Saved entries
● ● ●

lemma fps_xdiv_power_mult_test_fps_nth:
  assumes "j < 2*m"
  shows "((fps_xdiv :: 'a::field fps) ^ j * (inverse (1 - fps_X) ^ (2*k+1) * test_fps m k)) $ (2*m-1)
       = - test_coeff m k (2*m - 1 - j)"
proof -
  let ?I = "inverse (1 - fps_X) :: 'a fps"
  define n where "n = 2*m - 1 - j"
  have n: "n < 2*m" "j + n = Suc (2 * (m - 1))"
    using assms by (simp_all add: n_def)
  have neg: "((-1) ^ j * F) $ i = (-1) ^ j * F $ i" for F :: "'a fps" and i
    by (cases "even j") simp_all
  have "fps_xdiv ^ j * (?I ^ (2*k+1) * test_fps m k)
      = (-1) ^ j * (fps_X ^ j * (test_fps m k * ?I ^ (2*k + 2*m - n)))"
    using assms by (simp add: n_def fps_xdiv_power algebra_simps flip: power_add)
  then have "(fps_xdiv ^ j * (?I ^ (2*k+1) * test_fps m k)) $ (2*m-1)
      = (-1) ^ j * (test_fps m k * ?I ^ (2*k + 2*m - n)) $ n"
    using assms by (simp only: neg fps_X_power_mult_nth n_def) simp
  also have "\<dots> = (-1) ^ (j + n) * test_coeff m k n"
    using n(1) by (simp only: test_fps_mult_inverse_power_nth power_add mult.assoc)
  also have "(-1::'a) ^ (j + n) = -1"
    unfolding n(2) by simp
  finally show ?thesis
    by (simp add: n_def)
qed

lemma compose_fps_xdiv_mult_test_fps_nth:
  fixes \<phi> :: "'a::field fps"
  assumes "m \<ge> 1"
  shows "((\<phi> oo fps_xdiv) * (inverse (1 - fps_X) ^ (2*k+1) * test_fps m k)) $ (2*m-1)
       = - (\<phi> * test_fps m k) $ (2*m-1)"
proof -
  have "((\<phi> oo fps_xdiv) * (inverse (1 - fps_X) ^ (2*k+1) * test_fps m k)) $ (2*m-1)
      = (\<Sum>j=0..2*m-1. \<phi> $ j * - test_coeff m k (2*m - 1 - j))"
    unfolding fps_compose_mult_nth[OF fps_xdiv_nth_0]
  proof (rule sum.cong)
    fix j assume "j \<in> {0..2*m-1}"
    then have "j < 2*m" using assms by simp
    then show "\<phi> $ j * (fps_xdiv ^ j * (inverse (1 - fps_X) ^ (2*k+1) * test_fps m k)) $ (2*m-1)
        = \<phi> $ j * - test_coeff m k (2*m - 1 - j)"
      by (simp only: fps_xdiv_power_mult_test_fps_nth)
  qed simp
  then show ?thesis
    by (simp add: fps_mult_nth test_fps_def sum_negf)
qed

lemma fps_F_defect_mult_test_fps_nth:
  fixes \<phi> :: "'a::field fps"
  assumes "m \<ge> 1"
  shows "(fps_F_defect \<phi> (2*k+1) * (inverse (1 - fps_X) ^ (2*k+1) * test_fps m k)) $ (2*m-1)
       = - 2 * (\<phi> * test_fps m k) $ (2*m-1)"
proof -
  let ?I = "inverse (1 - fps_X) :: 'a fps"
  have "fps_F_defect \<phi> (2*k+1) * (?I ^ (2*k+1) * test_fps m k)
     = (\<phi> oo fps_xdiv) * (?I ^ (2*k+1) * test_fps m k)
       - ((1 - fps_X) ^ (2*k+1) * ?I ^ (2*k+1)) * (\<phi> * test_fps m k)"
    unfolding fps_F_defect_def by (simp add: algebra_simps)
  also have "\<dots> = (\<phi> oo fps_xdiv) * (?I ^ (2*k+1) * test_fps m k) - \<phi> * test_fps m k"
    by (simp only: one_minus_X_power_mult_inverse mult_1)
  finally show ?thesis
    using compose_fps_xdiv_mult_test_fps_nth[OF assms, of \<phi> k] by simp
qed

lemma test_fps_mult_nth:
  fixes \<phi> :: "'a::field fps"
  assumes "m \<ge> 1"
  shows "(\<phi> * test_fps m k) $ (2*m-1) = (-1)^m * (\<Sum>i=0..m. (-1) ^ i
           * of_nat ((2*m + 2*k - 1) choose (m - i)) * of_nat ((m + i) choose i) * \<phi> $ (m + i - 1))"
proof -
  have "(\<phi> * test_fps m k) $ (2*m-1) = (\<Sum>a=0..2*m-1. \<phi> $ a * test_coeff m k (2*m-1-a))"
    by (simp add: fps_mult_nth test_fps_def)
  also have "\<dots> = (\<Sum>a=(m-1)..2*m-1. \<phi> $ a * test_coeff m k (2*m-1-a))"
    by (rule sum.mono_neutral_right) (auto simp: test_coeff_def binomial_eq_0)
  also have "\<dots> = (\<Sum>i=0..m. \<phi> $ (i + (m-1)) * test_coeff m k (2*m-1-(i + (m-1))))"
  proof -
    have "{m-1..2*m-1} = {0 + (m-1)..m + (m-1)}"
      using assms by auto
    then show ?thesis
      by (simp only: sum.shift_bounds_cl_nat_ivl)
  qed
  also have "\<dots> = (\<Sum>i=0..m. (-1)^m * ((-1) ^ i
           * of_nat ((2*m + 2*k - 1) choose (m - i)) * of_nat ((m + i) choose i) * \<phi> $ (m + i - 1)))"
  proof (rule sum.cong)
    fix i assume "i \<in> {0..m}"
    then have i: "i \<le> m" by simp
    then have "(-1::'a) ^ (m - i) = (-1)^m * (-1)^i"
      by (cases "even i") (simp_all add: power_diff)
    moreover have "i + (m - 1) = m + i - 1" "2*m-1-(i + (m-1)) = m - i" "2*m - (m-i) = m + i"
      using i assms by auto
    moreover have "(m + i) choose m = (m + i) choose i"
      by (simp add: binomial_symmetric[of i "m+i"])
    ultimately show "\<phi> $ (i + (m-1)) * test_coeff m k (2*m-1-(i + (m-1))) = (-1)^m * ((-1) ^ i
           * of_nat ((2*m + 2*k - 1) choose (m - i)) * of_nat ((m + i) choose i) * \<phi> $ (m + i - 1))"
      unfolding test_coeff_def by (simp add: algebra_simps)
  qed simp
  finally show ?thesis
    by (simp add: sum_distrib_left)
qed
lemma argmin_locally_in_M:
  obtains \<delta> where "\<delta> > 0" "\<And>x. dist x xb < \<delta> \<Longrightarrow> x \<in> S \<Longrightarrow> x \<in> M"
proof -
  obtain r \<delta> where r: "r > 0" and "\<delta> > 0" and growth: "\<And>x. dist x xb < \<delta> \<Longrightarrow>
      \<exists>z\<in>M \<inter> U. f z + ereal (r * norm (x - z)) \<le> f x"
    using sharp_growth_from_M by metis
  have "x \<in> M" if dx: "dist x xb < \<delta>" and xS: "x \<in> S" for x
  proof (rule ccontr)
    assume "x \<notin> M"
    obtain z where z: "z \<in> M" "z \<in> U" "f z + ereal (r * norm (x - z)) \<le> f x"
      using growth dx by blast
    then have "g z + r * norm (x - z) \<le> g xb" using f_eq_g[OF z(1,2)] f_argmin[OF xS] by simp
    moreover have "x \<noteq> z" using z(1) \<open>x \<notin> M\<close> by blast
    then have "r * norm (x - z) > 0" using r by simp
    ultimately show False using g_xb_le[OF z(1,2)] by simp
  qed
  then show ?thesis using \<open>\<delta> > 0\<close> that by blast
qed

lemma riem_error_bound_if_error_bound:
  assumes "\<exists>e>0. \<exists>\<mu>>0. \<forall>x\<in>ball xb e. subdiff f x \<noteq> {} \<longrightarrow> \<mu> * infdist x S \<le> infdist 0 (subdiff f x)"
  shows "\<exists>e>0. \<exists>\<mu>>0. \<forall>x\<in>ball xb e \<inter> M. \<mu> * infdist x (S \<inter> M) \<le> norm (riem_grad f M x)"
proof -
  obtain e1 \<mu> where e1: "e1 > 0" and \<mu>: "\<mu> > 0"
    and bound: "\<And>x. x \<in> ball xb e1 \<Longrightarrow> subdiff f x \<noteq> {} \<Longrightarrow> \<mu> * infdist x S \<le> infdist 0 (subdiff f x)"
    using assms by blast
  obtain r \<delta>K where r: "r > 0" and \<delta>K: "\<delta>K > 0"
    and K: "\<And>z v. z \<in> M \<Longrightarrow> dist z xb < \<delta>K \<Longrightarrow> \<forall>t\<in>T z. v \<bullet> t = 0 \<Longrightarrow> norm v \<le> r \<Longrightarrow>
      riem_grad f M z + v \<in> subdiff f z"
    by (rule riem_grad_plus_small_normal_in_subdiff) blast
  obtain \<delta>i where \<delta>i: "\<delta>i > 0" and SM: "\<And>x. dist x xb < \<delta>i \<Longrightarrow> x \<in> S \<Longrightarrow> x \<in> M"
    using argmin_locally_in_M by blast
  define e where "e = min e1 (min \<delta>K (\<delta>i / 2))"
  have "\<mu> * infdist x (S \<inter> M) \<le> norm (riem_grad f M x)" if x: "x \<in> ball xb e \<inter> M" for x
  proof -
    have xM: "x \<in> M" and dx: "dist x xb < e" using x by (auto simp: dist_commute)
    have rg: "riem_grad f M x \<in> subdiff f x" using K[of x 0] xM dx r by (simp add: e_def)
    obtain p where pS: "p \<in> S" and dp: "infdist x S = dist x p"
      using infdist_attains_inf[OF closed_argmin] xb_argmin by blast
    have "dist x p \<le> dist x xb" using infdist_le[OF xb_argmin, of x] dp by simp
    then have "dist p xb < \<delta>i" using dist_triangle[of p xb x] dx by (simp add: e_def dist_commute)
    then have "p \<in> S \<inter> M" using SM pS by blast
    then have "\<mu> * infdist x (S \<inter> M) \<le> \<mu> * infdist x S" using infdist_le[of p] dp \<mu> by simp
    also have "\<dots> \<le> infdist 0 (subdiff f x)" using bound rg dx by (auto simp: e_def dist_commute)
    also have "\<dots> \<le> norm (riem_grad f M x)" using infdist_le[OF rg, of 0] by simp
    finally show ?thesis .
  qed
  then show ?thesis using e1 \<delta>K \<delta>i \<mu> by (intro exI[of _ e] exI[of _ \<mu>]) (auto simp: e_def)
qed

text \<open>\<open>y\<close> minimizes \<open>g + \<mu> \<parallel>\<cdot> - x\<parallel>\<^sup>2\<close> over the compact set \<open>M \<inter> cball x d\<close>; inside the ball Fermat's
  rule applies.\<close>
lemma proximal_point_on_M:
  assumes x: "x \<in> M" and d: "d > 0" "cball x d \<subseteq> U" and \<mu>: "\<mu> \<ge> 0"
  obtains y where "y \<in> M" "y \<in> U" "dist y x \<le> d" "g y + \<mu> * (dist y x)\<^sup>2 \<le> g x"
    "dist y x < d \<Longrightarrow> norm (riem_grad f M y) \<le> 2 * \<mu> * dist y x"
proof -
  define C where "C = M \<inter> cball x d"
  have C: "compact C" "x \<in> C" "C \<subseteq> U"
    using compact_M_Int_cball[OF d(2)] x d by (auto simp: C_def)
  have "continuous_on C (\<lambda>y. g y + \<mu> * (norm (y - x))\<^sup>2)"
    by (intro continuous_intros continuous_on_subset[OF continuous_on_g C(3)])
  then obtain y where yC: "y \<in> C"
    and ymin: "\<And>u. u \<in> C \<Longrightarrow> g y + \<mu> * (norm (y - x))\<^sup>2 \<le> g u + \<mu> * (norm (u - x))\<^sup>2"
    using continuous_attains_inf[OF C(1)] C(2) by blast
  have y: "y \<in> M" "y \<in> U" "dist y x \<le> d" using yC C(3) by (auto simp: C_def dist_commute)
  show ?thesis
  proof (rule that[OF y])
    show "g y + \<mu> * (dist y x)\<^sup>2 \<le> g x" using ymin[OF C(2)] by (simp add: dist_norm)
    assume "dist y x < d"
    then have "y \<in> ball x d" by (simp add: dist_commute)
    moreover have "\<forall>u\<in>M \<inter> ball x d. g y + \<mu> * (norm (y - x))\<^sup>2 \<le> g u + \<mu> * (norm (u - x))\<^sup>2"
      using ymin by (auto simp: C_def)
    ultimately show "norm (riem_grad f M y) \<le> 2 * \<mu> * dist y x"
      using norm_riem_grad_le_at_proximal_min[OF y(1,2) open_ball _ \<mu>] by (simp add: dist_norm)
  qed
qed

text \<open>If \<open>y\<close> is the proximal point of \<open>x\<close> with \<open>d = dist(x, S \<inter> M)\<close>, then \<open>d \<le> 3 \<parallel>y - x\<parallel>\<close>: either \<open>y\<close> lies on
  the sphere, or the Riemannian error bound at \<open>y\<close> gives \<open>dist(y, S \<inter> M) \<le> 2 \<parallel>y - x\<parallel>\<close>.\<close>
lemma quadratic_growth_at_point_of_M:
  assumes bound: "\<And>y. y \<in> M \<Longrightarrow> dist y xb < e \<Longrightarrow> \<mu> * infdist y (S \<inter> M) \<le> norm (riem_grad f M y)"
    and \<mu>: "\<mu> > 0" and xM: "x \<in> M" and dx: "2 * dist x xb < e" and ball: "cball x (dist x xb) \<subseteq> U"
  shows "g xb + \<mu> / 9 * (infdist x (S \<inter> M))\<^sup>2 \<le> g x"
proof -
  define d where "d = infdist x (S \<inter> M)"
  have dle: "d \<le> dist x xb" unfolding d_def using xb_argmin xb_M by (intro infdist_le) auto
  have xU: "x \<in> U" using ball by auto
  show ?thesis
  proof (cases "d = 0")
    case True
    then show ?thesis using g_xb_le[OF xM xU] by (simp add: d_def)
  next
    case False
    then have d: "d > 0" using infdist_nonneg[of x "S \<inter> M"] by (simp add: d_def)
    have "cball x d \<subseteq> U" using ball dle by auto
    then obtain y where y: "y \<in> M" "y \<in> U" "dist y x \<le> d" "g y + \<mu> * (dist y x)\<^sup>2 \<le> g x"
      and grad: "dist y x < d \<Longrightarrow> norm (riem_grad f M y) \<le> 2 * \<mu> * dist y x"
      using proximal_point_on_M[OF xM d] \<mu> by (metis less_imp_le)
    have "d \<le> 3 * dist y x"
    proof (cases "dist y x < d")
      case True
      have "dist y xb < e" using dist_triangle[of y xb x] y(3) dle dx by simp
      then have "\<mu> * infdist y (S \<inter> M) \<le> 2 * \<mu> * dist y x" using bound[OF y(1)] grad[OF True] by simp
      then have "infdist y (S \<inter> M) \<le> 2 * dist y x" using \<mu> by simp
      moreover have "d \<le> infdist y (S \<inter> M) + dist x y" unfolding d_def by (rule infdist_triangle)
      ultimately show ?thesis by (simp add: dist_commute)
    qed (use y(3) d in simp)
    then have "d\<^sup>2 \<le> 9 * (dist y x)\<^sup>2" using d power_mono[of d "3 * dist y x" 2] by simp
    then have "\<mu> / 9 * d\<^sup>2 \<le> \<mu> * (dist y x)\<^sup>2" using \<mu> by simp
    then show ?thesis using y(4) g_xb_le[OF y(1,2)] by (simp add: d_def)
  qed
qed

● ● ●

Taking the entries above, print exactly the lines starting at the line with "by (intro continuous_intros" and ending at the line with "9 * (infdist", both included.

### RESULT FOR THIS TASK
    by (intro continuous_intros continuous_on_subset[OF continuous_on_g C(3)])
  then obtain y where yC: "y \<in> C"
    and ymin: "\<And>u. u \<in> C \<Longrightarrow> g y + \<mu> * (norm (y - x))\<^sup>2 \<le> g u + \<mu> * (norm (u - x))\<^sup>2"
    using continuous_attains_inf[OF C(1)] C(2) by blast
  have y: "y \<in> M" "y \<in> U" "dist y x \<le> d" using yC C(3) by (auto simp: C_def dist_commute)
  show ?thesis
  proof (rule that[OF y])
    show "g y + \<mu> * (dist y x)\<^sup>2 \<le> g x" using ymin[OF C(2)] by (simp add: dist_norm)
    assume "dist y x < d"
    then have "y \<in> ball x d" by (simp add: dist_commute)
    moreover have "\<forall>u\<in>M \<inter> ball x d. g y + \<mu> * (norm (y - x))\<^sup>2 \<le> g u + \<mu> * (norm (u - x))\<^sup>2"
      using ymin by (auto simp: C_def)
    ultimately show "norm (riem_grad f M y) \<le> 2 * \<mu> * dist y x"
      using norm_riem_grad_le_at_proximal_min[OF y(1,2) open_ball _ \<mu>] by (simp add: dist_norm)
  qed
qed

text \<open>If \<open>y\<close> is the proximal point of \<open>x\<close> with \<open>d = dist(x, S \<inter> M)\<close>, then \<open>d \<le> 3 \<parallel>y - x\<parallel>\<close>: either \<open>y\<close> lies on
  the sphere, or the Riemannian error bound at \<open>y\<close> gives \<open>dist(y, S \<inter> M) \<le> 2 \<parallel>y - x\<parallel>\<close>.\<close>
lemma quadratic_growth_at_point_of_M:
  assumes bound: "\<And>y. y \<in> M \<Longrightarrow> dist y xb < e \<Longrightarrow> \<mu> * infdist y (S \<inter> M) \<le> norm (riem_grad f M y)"
    and \<mu>: "\<mu> > 0" and xM: "x \<in> M" and dx: "2 * dist x xb < e" and ball: "cball x (dist x xb) \<subseteq> U"
  shows "g xb + \<mu> / 9 * (infdist x (S \<inter> M))\<^sup>2 \<le> g x"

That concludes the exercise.